Monday, September 21, 2020

We need more women in the C-suite. It won't happen on its own.


Jane Fraser addresses Brazil-US Business Council forum in Washington, DC in March 2019.  Erin Scott/Reuters

Fraser will be the first woman to lead a major US bank.

Her promotion is a symbolic step up for women across industries, and not only in finance. Just 6% of CEOs at S&P 500 companies are women, according to the research and strategy development nonprofit Catalyst.

There's no single, direct path to shattering the proverbial glass ceiling. But one thing's for sure: Women won't wind up in the C-suite by chance. Organizations need to be deliberate about addressing the systemic gender biases that preclude women from advancing in their careers.

Welcome to Gender at Work.

This is a twice-monthly newsletter that takes an expansive look at how your gender identity informs your career. Last week we explored the unique challenges that BIPOC women have faced during the pandemic. This week we're talking about ways to cultivate gender diversity in leadership roles.

We won't promise to cover every single strategy. But we've outlined some of the most pressing below.

Direct women to jobs where they manage profit-and-loss

Among Fraser's previous roles at Citigroup: running the bank's strategy division during the financial crisis and steering the bank's Latin America division through several crises.

It's crucial for women leaders to gain experience that involves managing a business' profit-and-loss. Earlier this year, The Wall Street Journal published an analysis of executives at the biggest public companies and found that men were more likely than women to get these jobs, which directly affect the bottom line. The people who hold these positions are better positioned to eventually be CEO.

The Journal analysis found that women often get funneled into different tracks, like human resources and legal. These functions are important to a business' performance, but typically don't lead to the CEO job.

Be aware of implicit biases

Implicit biases are the unconscious stereotypes or assumptions that people can hold about others. For example, "an effective senior banker is (wrongly) imagined to be aggressive, dominating, transactional," Astrid Jaekel and Elizabeth St-Onge, partners at management consulting firm Oliver Wyman, wrote in The Harvard Business Review in 2016. These characteristics "are stereotypically masculine," they add.

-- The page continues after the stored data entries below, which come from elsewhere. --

lemma distr_lborel_orthogonal_transformation:
  fixes Q :: "'a::euclidean_space \<Rightarrow> 'a"
  assumes Q: "orthogonal_transformation Q"
  shows "distr lborel borel Q = lborel"
proof -
  obtain h :: "'a \<Rightarrow> real^'a basis_index" where h: "bij_betw h Basis Basis"
    using finite_same_card_bij[of "Basis :: 'a set" "Basis :: (real^'a basis_index) set"]
    by (auto simp: card_basis_index)
  define \<iota> where "\<iota> = basis_transfer h"
  define \<kappa> where "\<kappa> = basis_transfer (inv_into Basis h)"
  have h': "bij_betw (inv_into Basis h) Basis Basis"
    using h by (rule bij_betw_inv_into)
  have \<kappa>\<iota>: "\<kappa> (\<iota> x) = x" for x
    unfolding \<iota>_def \<kappa>_def by (rule basis_transfer_inverse[OF h])
  define Q' where "Q' = \<iota> \<circ> Q \<circ> \<kappa>"
  have Q': "orthogonal_transformation Q'"
    using Q unfolding orthogonal_transformation_def Q'_def \<iota>_def \<kappa>_def
    by (simp add: linear_compose linear_basis_transfer inner_basis_transfer[OF h] inner_basis_transfer[OF h'])
  have \<kappa>_lborel: "distr lborel borel \<kappa> = lborel"
    unfolding \<kappa>_def by (rule distr_lborel_basis_transfer[OF h'])
  have [measurable]: "\<kappa> \<in> borel_measurable borel"
    unfolding \<kappa>_def by (intro linear_borel_measurable linear_basis_transfer)
  have [measurable]: "Q \<in> borel_measurable borel" "Q' \<in> borel_measurable borel"
    by (intro linear_borel_measurable orthogonal_transformation_linear Q Q')+
  have "distr lborel borel Q = distr (distr lborel borel \<kappa>) borel Q"
    by (simp add: \<kappa>_lborel)
  also have "\<dots> = distr lborel borel (Q \<circ> \<kappa>)"
    by (simp add: distr_distr)
  also have "Q \<circ> \<kappa> = \<kappa> \<circ> Q'"
    by (auto simp: Q'_def \<kappa>\<iota>)
  also have "distr lborel borel (\<kappa> \<circ> Q') = distr (distr lborel borel Q') borel \<kappa>"
    by (simp add: distr_distr)
  also have "\<dots> = lborel"
    by (simp add: distr_lborel_orthogonal_transformation_vec[OF Q'] \<kappa>_lborel)
  finally show ?thesis .
qed

section \<open>The standard Gaussian measure\<close>

abbreviation std_normal :: "real measure"
  where "std_normal \<equiv> density lborel (\<lambda>x. ennreal (std_normal_density x))"

definition std_gaussian_density :: "'a::euclidean_space \<Rightarrow> real"
  where "std_gaussian_density x = (\<Prod>b\<in>Basis. std_normal_density (x \<bullet> b))"

definition std_gaussian :: "'a::euclidean_space measure"
  where "std_gaussian = density lborel (\<lambda>x. ennreal (std_gaussian_density x))"

lemma borel_measurable_std_gaussian_density[measurable]: "std_gaussian_density \<in> borel_measurable borel"
  unfolding std_gaussian_density_def by measurable

lemma std_gaussian_density_eq:
  fixes x :: "'a::euclidean_space"
  shows "std_gaussian_density x = exp (- (x \<bullet> x) / 2) / sqrt (2 * pi) ^ DIM('a)"
proof -
  have "std_gaussian_density x = (\<Prod>b\<in>(Basis::'a set). exp (- ((x \<bullet> b)\<^sup>2) / 2)) / sqrt (2 * pi) ^ DIM('a)"
    unfolding std_gaussian_density_def std_normal_density_def by (simp add: prod_dividef)
  also have "(\<Prod>b\<in>(Basis::'a set). exp (- ((x \<bullet> b)\<^sup>2) / 2)) = exp (- (x \<bullet> x) / 2)"
    by (simp add: exp_sum euclidean_inner[of x x] power2_eq_square sum_divide_distrib flip: sum_negf)
  finally show ?thesis .
qed

lemma ennreal_std_gaussian_density:
  "ennreal (std_gaussian_density x) = (\<Prod>b\<in>Basis. ennreal (std_normal_density (x \<bullet> b)))"
  unfolding std_gaussian_density_def by (rule prod_ennreal[symmetric]) (simp add: normal_density_nonneg)

lemma sets_std_gaussian[measurable_cong, simp]: "sets std_gaussian = sets borel"
  by (simp add: std_gaussian_def)

lemma space_std_gaussian[simp]: "space std_gaussian = UNIV"
  by (simp add: std_gaussian_def)

lemma measurable_std_gaussian[simp]: "measurable std_gaussian M = measurable borel M"
  by (rule measurable_cong_sets) simp_all

lemma prob_space_std_gaussian: "prob_space (std_gaussian :: 'a::euclidean_space measure)"
proof
  have "emeasure (std_gaussian :: 'a measure) UNIV
      = (\<integral>\<^sup>+x. (\<Prod>b\<in>Basis. ennreal (std_normal_density ((x::'a) \<bullet> b))) \<partial>lborel)"
    unfolding std_gaussian_def by (simp add: emeasure_density ennreal_std_gaussian_density)
  also have "\<dots> = (\<Prod>b\<in>(Basis::'a set). \<integral>\<^sup>+t. ennreal (std_normal_density t) \<partial>lborel)"
    by (rule nn_integral_lborel_prod) auto
  also have "(\<integral>\<^sup>+t. ennreal (std_normal_density t) \<partial>lborel) = 1"
    using prob_space.emeasure_space_1[OF prob_space_normal_density[of 1 0]]
    by (simp add: emeasure_density)
  finally show "emeasure (std_gaussian :: 'a measure) (space std_gaussian) = 1" by simp
qed

lemma emeasure_std_gaussian_box:
  "emeasure (std_gaussian :: 'a::euclidean_space measure) (box l u)
    = (\<Prod>b\<in>Basis. emeasure std_normal {l \<bullet> b<..<u \<bullet> b})"
proof -
  have "indicator (box l u) x = (\<Prod>b\<in>(Basis::'a set). indicator {l \<bullet> b<..<u \<bullet> b} (x \<bullet> b) :: ennreal)"
    for x :: 'a
    by (simp add: mem_box indicator_def prod.If_cases)
  then have "emeasure (std_gaussian :: 'a measure) (box l u)
      = (\<integral>\<^sup>+x. (\<Prod>b\<in>Basis. ennreal (std_normal_density (x \<bullet> b)) * indicator {l \<bullet> b<..<u \<bullet> b} (x \<bullet> b)) \<partial>lborel)"
    unfolding std_gaussian_def by (simp add: emeasure_density ennreal_std_gaussian_density prod.distrib)
  also have "\<dots> = (\<Prod>b\<in>Basis. emeasure std_normal {l \<bullet> b<..<u \<bullet> b})"
    by (subst nn_integral_lborel_prod) (auto simp: emeasure_density)
  finally show ?thesis .
qed


lemma measure_eqI_boxes:
  fixes M N :: "'a::euclidean_space measure"
  assumes "sets M = sets borel" "sets N = sets borel" "finite_measure M"
    and eq: "\<And>l u. emeasure M (box l u) = emeasure N (box l u)"
  shows "M = N"
proof (rule measure_eqI_generator_eq)
  let ?E = "range (\<lambda>(a, b). box a b::'a set)"
  let ?A = "\<lambda>n::nat. box (- (real n *\<^sub>R One)) (real n *\<^sub>R One) :: 'a set"
  show "Int_stable ?E"
    by (auto simp: Int_stable_def box_Int_box)
  show "?E \<subseteq> Pow UNIV" "sets M = sigma_sets UNIV ?E" "sets N = sigma_sets UNIV ?E"
    by (simp_all add: borel_eq_box assms(1,2))
  show "range ?A \<subseteq> ?E" "(\<Union>i. ?A i) = UNIV"
    unfolding UN_box_eq_UNIV by auto
  show "emeasure M (?A i) \<noteq> \<infinity>" for i
    using assms(3) by (simp add: finite_measure.emeasure_finite)
qed (use eq in auto)

lemma distr_std_gaussian_orthogonal_transformation:
  fixes Q :: "'a::euclidean_space \<Rightarrow> 'a"
  assumes Q: "orthogonal_transformation Q"
  shows "distr std_gaussian borel Q = std_gaussian"
proof (rule measure_eqI)
  have [measurable]: "Q \<in> borel_measurable borel"
    using Q by (intro linear_borel_measurable orthogonal_transformation_linear)
  fix A :: "'a set" assume "A \<in> sets (distr std_gaussian borel Q)"
  then have [measurable]: "A \<in> sets borel" by simp
  have "Q -` A \<in> sets borel"
    by (simp add: measurable_sets_borel[of Q borel])
  have density_Q: "std_gaussian_density (Q x) = std_gaussian_density x" for x
    using Q by (simp add: std_gaussian_density_eq orthogonal_transformation_def)
  have "emeasure (distr std_gaussian borel Q) A
      = (\<integral>\<^sup>+x. ennreal (std_gaussian_density (Q x)) * indicator A (Q x) \<partial>lborel)"
    using \<open>Q -` A \<in> sets borel\<close>
    by (simp add: emeasure_distr std_gaussian_def emeasure_density density_Q indicator_vimage[symmetric])
  also have "\<dots> = (\<integral>\<^sup>+y. ennreal (std_gaussian_density y) * indicator A y \<partial>distr lborel borel Q)"
    by (simp add: nn_integral_distr)
  also have "\<dots> = emeasure std_gaussian A"
    by (simp add: distr_lborel_orthogonal_transformation[OF Q] std_gaussian_def emeasure_density)
  finally show "emeasure (distr std_gaussian borel Q) A = emeasure std_gaussian A" .
qed simp

lemma std_gaussian_pair:
  "(std_gaussian :: ('a::euclidean_space \<times> 'b::euclidean_space) measure) = std_gaussian \<Otimes>\<^sub>M std_gaussian"
proof (rule measure_eqI_boxes)
  interpret G: prob_space "std_gaussian :: 'b measure" by (rule prob_space_std_gaussian)
  have "sets ((std_gaussian :: 'a measure) \<Otimes>\<^sub>M (std_gaussian :: 'b measure)) = sets (borel \<Otimes>\<^sub>M borel)"
    by (intro sets_pair_measure_cong) simp_all
  then show "sets ((std_gaussian :: 'a measure) \<Otimes>\<^sub>M (std_gaussian :: 'b measure)) = sets borel"
    by (simp only: borel_prod)
  show "finite_measure (std_gaussian :: ('a \<times> 'b) measure)"
    using prob_space_std_gaussian by (rule prob_space.finite_measure)
  fix l u :: "'a \<times> 'b"
  obtain l1 l2 u1 u2 where lu: "l = (l1, l2)" "u = (u1, u2)" by (cases l, cases u)
  let ?I = "\<lambda>c. emeasure std_normal {l \<bullet> c<..<u \<bullet> c}"
  have "(\<Prod>c\<in>Basis. ?I c) = (\<Prod>c\<in>(\<lambda>v. (v, 0)) ` Basis. ?I c) * (\<Prod>c\<in>Pair 0 ` Basis. ?I c)"
    unfolding Basis_prod_def by (rule prod.union_disjoint) (auto simp: nonzero_Basis)
  also have "\<dots> = emeasure (std_gaussian :: 'a measure) (box l1 u1) * emeasure (std_gaussian :: 'b measure) (box l2 u2)"
    by (simp add: emeasure_std_gaussian_box prod.reindex inj_on_def lu inner_Pair)
  also have "box l u = box l1 u1 \<times> box l2 u2"
    by (auto simp: lu mem_box Basis_prod_def inner_Pair ball_Un)
  then have "emeasure (std_gaussian :: 'a measure) (box l1 u1) * emeasure (std_gaussian :: 'b measure) (box l2 u2)
      = emeasure (std_gaussian \<Otimes>\<^sub>M std_gaussian) (box l u)"
    by (simp add: G.emeasure_pair_measure_Times)
  finally show "emeasure std_gaussian (box l u) = emeasure (std_gaussian \<Otimes>\<^sub>M std_gaussian) (box l u)"
    by (simp add: emeasure_std_gaussian_box)
qed simp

People who hold these assumptions might feel that a woman isn't "management material," simply because they feel more comfortable with the image of a man in charge.

"Firms are more willing to take risks on men. With a woman, she has to prove it first," one senior woman in finance told The Harvard Business Review.

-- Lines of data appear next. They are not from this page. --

lemma mgirth_is_4I:
  assumes "mixed_graph V E A" "mcycle E A cyc" "length cyc = 4"
    and no_triangle: "\<And>u v w. distinct [u, v, w] \<Longrightarrow> mstep E A u v \<Longrightarrow> mstep E A v w
      \<Longrightarrow> mstep E A w u \<Longrightarrow> False"
  shows "mgirth_is E A 4"
  unfolding mgirth_is_def
proof (intro conjI allI impI)
  show "\<exists>vs. mcycle E A vs \<and> length vs = 4" using assms(2,3) by blast
next
  fix vs assume vs: "mcycle E A vs"
  show "4 \<le> length vs"
  proof (rule ccontr)
    assume "\<not> 4 \<le> length vs"
    with mcycle_length_ge_3[OF assms(1) vs] have len: "length vs = 3" by simp
    with vs have "mstep E A (vs ! i) (vs ! ((i + 1) mod 3))" if "i < 3" for i
      using that by (simp add: mcycle_def)
    from this[of 0] this[of 1] this[of 2] have
      "mstep E A (vs ! 0) (vs ! 1)" "mstep E A (vs ! 1) (vs ! 2)" "mstep E A (vs ! 2) (vs ! 0)"
      by (simp_all add: numeral_2_eq_2)
    moreover from vs len have "distinct [vs ! 0, vs ! 1, vs ! 2]"
      by (auto simp: mcycle_def nth_eq_iff_index_eq)
    ultimately show False using no_triangle by blast
  qed
qed

section \<open>Circulant mixed graphs\<close>

text \<open>For \<open>u, v < n\<close> this is the residue of \<open>v - u\<close> modulo \<open>n\<close>, written so that no
  truncated subtraction occurs.\<close>
definition circ_diff :: "nat \<Rightarrow> nat \<Rightarrow> nat \<Rightarrow> nat" where
  "circ_diff n u v = (v + n - u) mod n"

definition circ_edge :: "nat \<Rightarrow> nat \<Rightarrow> nat \<Rightarrow> nat \<Rightarrow> bool" where
  "circ_edge n m u v \<longleftrightarrow> u < n \<and> v < n \<and> circ_diff n u v = m"

definition circ_arc :: "nat \<Rightarrow> nat set \<Rightarrow> nat \<Rightarrow> nat \<Rightarrow> bool" where
  "circ_arc n S u v \<longleftrightarrow> u < n \<and> v < n \<and> circ_diff n u v \<in> S"

lemma circ_diff_less: "0 < n \<Longrightarrow> circ_diff n u v < n"
  by (simp add: circ_diff_def)

lemma circ_diff_self [simp]: "circ_diff n u u = 0"
  by (simp add: circ_diff_def)

lemma circ_diff_eq_diff: "u \<le> v \<Longrightarrow> v < n \<Longrightarrow> circ_diff n u v = v - u"
  unfolding circ_diff_def using less_imp_diff_less mod_if by auto

lemma circ_diff_add_mod: "u < n \<Longrightarrow> s < n \<Longrightarrow> circ_diff n u ((u + s) mod n) = s"
  by (cases "u + s < n") (simp_all add: circ_diff_def le_mod_geq)

lemma add_circ_diff_mod: "u < n \<Longrightarrow> v < n \<Longrightarrow> (u + circ_diff n u v) mod n = v"
proof -
  assume "u < n" "v < n"
  then have "u + (v + n - u) = v + n" by simp
  then show ?thesis using \<open>v < n\<close> by (simp add: circ_diff_def mod_add_right_eq)
qed

lemma circ_diff_circ_diff:
  assumes "u < n" "v < n"
  shows "circ_diff n (circ_diff n v u) u = v"
proof (cases "v \<le> u")
  case True
  then show ?thesis using assms by (simp add: circ_diff_eq_diff)
next
  case False
  then have "circ_diff n v u = u + n - v" using assms by (simp add: circ_diff_def)
  then show ?thesis using assms False by (simp add: circ_diff_def)
qed

lemma circ_diff_cycle:
  assumes "u < n" "v < n" "w < n"
  shows "n dvd circ_diff n u v + circ_diff n v w + circ_diff n w u"
proof -
  have "(v + n - u) + (w + n - v) + (u + n - w) = 3 * n" using assms by arith
  then show ?thesis unfolding circ_diff_def
    by (metis mod_0_imp_dvd mod_add_eq mod_add_right_eq mod_mult_self2_is_0)
qed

Our colleague Marguerite Ward reported that women and BIPOC often feel the need to change the way they look, act, and speak in order to fit in with the existing workplace culture.


So it's critical for managers to be aware of how those biases can show up. Leadership might provide training sessions on what to look out for and how to establish inclusive hiring and promotion practices. Professional-services firm PwC, for example, is using virtual reality to simulate office scenarios in which employees have to decide who to hire and promote, Business Insider previously reported.

Any company that offers unconscious bias training should hold managers accountable for meeting certain DEI standards, Dr. Janice Gassam Asare wrote for Business Insider.

Hold organizations accountable

Ideally, companies would be intrinsically motivated to develop inclusive hiring and promotion practices. But they aren't always. So it helps to have a little external pressure.

Fraser's promotion to her current role — president of Citigroup and CEO of Global Consumer Banking — happened shortly after the head honchos on Wall Street were called out for their (white) boys' club culture.

At a congressional hearing in April 2019, Democratic Rep. Al Green asked the CEOs of some of the largest banks, including Citigroup, whether they believed that their likely successor would be a woman or a person of color. No one raised their hand.

JPMorgan also took action, promoting a record number of women to managing director in April 2019 (26% of the group, or 30 executives, were women).

Focus on the first promotion gap

According to a 2018 McKinsey study, 8% of women in early-tenure jobs are promoted, while 10% of men are.

But that first promotion gap leads to a smaller talent pool of candidates for executive leadership later on. Researchers refer to the lack of promotion opportunities for women, and especially BIPOC women, as the "broken rung."

Facebook COO Sheryl Sandberg said that diversity and inclusion efforts can't be effective if promotion efforts are concentrated at the top.

"A lot of companies' programs and a lot of diversity efforts are focused at the top — how do we develop senior leaders? And that's super-important. But what we also have to focus on is what we call 'the broken rung,' that first broken rung from employee to manager," Sandberg previously told Ward.

Bridging the gender gap that first promotion is a key way to help women reach the C-suite. 

Change needs to happen at home, too

We should note: These are all structural changes organizations can make in order to promote gender diversity in leadership. But women need support networks at home, too, in order to advance professionally.

Axios' Felix Salmon and Erica Pandey reported that Fraser's husband left his job as head of global banking at European bank Dresdner Kleinwort in order to help Fraser advance in her career.

Still, managing work and family was hardly a breeze. Axios reported that Fraser worked part-time at McKinsey while her two kids were young. She'd often do her work in the kitchen at 3 a.m.